# How is cross-entropy used in seq2seq models?

Hi folks,
I have a bit of clarifying (technical) question regarding using cross-entropy with seq2seq models?

``````B = batch_size
S = sequence_length (subscripts, i=input, o=output)
E = embedding_size
V = vocabulary_size
C = num_classes/labels

X = [B, S_i, V]  # our input data

Y = [B, S_o, C] # our targets, consider them one-hot encoded

X_enc = encoder(X) # X_enc = [B, S_i, E]

X_dec = decoder(X_enc, Y) # X_dec = [B, S_o, E]

loss = nn.CrossEntropyLoss()(X_dec, Y) # this shoudn't work due to shape mismatch
``````

How should cross entropy work in this case? There’s a shape mismatch between `X_dec != Y`?

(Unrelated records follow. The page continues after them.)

(* Consider the linear vehicle platoon model $\dot{x}(t)=A_{\mathrm{c}}x(t)+B_{\mathrm{c}}u(t)$ with communication attempt time instants $\mathcal{S}=\{s_0,s_1,s_2,\ldots\}$ and the time-discretized braking model (so that the reference desired acceleration $u_0(t)$ is constant on each interval $[s_k,s_{k+1})$). If $\mathcal{S}\subseteq\mathcal{T}$ with $\mathcal{T}\triangleq\{t_0,t_1,t_2,\ldots\}$ and there exists $\alpha>0$ such that \[ t_{k+1}-t_{k}\leq\ln\left(\frac{\mu(\tilde{A})\alpha}{\varphi\|\tilde{x}(t_{k})\|}+1\right)/\mu(\tilde{A}) \] for every $k\in\mathbb{N}_0$, where \[ \varphi\triangleq\max_{i\in\{2,\ldots,n\}}\|q_i^{\top}(A_{\mathrm{c}}b_1^{\top}+B_{\mathrm{c}}b_2^{\top})\|, \] then \[ |d_i(t)-d_i(t_k)|\leq\alpha,\quad t\in[t_k,t_{k+1}), \] for every $k\in\mathbb{N}_0$ and every $i\in\{2,\ldots,n\}$.
   Context: The platoon consists of a virtual reference vehicle and $n$ actual vehicles; its dynamics are the linear system $\dot{x}(t)=A_{\mathrm{c}}x(t)+B_{\mathrm{c}}u(t)$ with state $x(t)\in\mathbb{R}^{3+6n}$ (stacking $[p_0,v_0,a_0]$ for the reference vehicle and $[e_i,\dot e_i,p_i,v_i,a_i,u_i]$ for each vehicle $i=1,\dots,n$, with $p$ positions) and input $u(t)=[u_0(t),\hat u_0(t),\hat u_1(t),\ldots,\hat u_{n-1}(t)]^\top\in\mathbb{R}^{1+n}$, where $A_{\mathrm{c}}\in\mathbb{R}^{(3+6n)\times(3+6n)}$ and $B_{\mathrm{c}}\in\mathbb{R}^{(3+6n)\times(1+n)}$ are the platoon system matrices. Communication attempts occur at $s_j=jT$, $T>0$; the received desired accelerations $\hat u_i(t)$ ($i\ge 1$) are held constant on $[s_j,s_{j+1})$ (updated at $s_j$ on success, kept on packet loss), $\hat u_0=u_0$, and the time-discretized braking model sets $u_0(t)=u_{0,k}$ constant on $[s_k,s_{k+1})$. Hence, when $\mathcal{S}\subseteq\mathcal{T}$, $u(t)=u(t_k)$ on $[t_k,t_{k+1})$. Inter-vehicle distances are $d_i(t)=p_{i-1}(t)-p_i(t)-L_i=q_i^\top x(t)-L_i$ for $i\in\{2,\ldots,n\}$, where $L_i>0$ is the vehicle length and $q_i\in\mathbb{R}^{3+6n}$ has entry $-1$ at position $6i+6$, entry $1$ at position $6i$, and $0$ elsewhere. The lifted state is $\tilde x(t)=[x^\top(t),u^\top(t)]^\top\in\mathbb{R}^{4+7n}$, satisfying $\dot{\tilde x}(t)=\tilde A\tilde x(t)$ on $[t_k,t_{k+1})$ with $\tilde{A}=\begin{bmatrix}A_{\mathrm{c}} & B_{\mathrm{c}}\\ 0 & 0\end{bmatrix}$. The matrices $b_1=\begin{bmatrix}I_{3+6n}\\ 0_{(1+n)\times(3+6n)}\end{bmatrix}\in\mathbb{R}^{(4+7n)\times(3+6n)}$ and $b_2=\begin{bmatrix}0_{(3+6n)\times(1+n)}\\ I_{1+n}\end{bmatrix}\in\mathbb{R}^{(4+7n)\times(1+n)}$, where $I_m$ denotes the $m\times m$ identity matrix, satisfy $x=b_1^\top\tilde x$, $u=b_2^\top\tilde x$. $\|\cdot\|$ is the Euclidean norm / induced matrix norm and $\mu(M)=\lambda_{\max}((M+M^\top)/2)$ is the logarithmic norm. *)

theory Defs
  imports Complex_Main "Jordan_Normal_Form.Char_Poly"
begin
(* Let $p:X\to Y$ be a continuous surjective map with $X$ connected and $Y$ a topological group. Suppose there is an open neighborhood $U$ of $1_Y$ such that $\mathcal U=\{U\cdot y\}_{y\in Y}$ is an overlay cover of $Y$ for $p$, and that $p$ has a regular overlay structure. Then there is a structure of a topological group on $X$ (compatible with its topology) making $p$ a continuous homomorphism.
   Context: For a continuous map $p:X\to Y$: a slice of $p$ is an open set $U\subseteq X$ such that $p^{-1}(p(U))$ is the disjoint union of a family of open sets $U_s$ ($s\in S$), each mapped by $p$ homeomorphically onto $p(U)$, with $U=U_t$ for some $t\in S$. A covering structure of $p$ is an open cover $\mathcal S$ of $X$ by slices of $p$ such that for every $U\in\mathcal S$, $p^{-1}(p(U))$ is the disjoint union of a family $\{U_j\}_{j\in J}$ of elements of $\mathcal S$, each mapped homeomorphically onto $p(U)$. For $x\in X$, $st(x,\mathcal S)=\bigcup\{U\in\mathcal S: x\in U\}$. An overlay structure of $p$ is a covering structure $\mathcal S$ such that $st(x,\mathcal S)$ is a slice of $p$ for every $x\in X$; a cover of the form $p(\mathcal S)=\{p(V):V\in\mathcal S\}$ with $\mathcal S$ an overlay structure is an overlay cover of $Y$. For a cover $\mathcal W$ of a set $Z$, a $\mathcal W$-chain is a finite sequence $\{z_0,\dots,z_n\}$ such that for each $0\le i<n$ some $W\in\mathcal W$ contains $z_i$ and $z_{i+1}$; it is a $\mathcal W$-loop if $z_0=z_n$. A lift of $\{y_0,\dots,y_n\}$ is a sequence $\{x_0,\dots,x_n\}$ with $p(x_i)=y_i$. An overlay structure $\mathcal S$ with overlay cover $\mathcal U$ is regular if there is no $\mathcal U$-loop having one lift that is an $\mathcal S$-chain which is a loop and another lift that is an $\mathcal S$-chain which is not a loop. (For connected $X$, if one overlay structure of $p$ is regular then all are.) *)

theory Defs
  imports "HOL-Analysis.Analysis"
begin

Plus, to my understanding cross entropy accepts inputs of shape `[B, C]` and targets of shape `[B, 1]`, what am I missing here?

Is there another way how is this computed?

One way I was thinking about going at it would have been the following, but I’m not sure if its correct?

``````torch.mean(torch.sum((-Y * F.log_softmax(X_dec, dim=-1)), dim=-1))
``````

That’s not the case as described in the docs.
If you are using class indices the target should have the shape `[B]` given your model output shape. If the target contains probabilities it should match the model output shape, so `[B, C]`.

Yes correct, my mistake, I’ve corrected it in the post.

But, do you have any idea how is cross entropy computed when both `outputs = [B, S_o, E]` and `targets_one_hot = [B, S_o, C]` are 3-dim? This seems quite common loss in seq2seq tasks but since this case is not covered in the docs (unless I’m missing something), is there another reference or MWE?

The docs also cover this use case and will treat the output as `[batch_size, nb_classes, additional_dimension]`. Since the target is also 3-dimensional is must have the same shape, so `C==E` in your case.
Here is an example:

``````batch_size = 2
nb_classes = 3
seq_len = 4
output = torch.randn(batch_size, nb_classes, seq_len, requires_grad=True)
target = torch.randint(0, nb_classes, (batch_size, seq_len))
target = torch.nn.functional.one_hot(target, num_classes=nb_classes).permute(0, 2, 1).float()
print(target.shape)
# torch.Size([2, 3, 4])

criterion = nn.CrossEntropyLoss()
loss = criterion(output, target)
``````

The criterion will compute the cross-entropy loss for each sample in `seq_len` in the same way it’s doing so for each sample in the batch dimension.

Awesome, thanks a lot for clarifying this!

As I was searching around I saw that in many cases another approached that was used was to flatten the 3-dim tensors from `[B, S, E]` to `[B*S, E]` and then compute the loss, which I presume is similar to what you described.

Yes, but be careful with the dimensions.
Using my example you would need to `permute` the target before flattening:

``````batch_size = 2
nb_classes = 3
seq_len = 4
output = torch.randn(batch_size, nb_classes, seq_len, requires_grad=True)
target = torch.randint(0, nb_classes, (batch_size, seq_len))
target = torch.nn.functional.one_hot(target, num_classes=nb_classes).permute(0, 2, 1).float()
print(target.shape)
# torch.Size([2, 3, 4])

criterion = nn.CrossEntropyLoss()
loss = criterion(output, target)

# with flattened tensors treating the sequence dimension as separate samples in the batch dimension
print(output.shape)
# torch.Size([2, 3, 4]) = [batch_size, nb_classes, seq_len]
output = output.permute(0, 2, 1).contiguous().view(-1, nb_classes)
print(output.shape)
# torch.Size([8, 3]) = [batch_size * seq_len, nb_classes]

print(target.shape)
# torch.Size([2, 3, 4]) = [batch_size, nb_classes, seq_len]
target = target.permute(0, 2, 1).contiguous().view(-1, nb_classes)
print(target.shape)
# torch.Size([8, 3]) = [batch_size * seq_len, nb_classes]

loss2 = criterion(output, target)

print(loss - loss2)
As I understood from your MWE there are 2 `key` points here.
1. In order for cross-entropy to work with 3-dim tensors we should have `nb_classes` as dim=1 and let cross-entropy compute the loss over the `nb_classes`, e.g., both `output` and `target` to have shape `[batch_size, nb_classes, seq_len]`
2. Otherwise if we have to flatten dimensions we should flatten across `batch_size*seq_len`, therefore our tensors should have shape `[batch_size, seq_len, nb_classes]`, i.e., my case.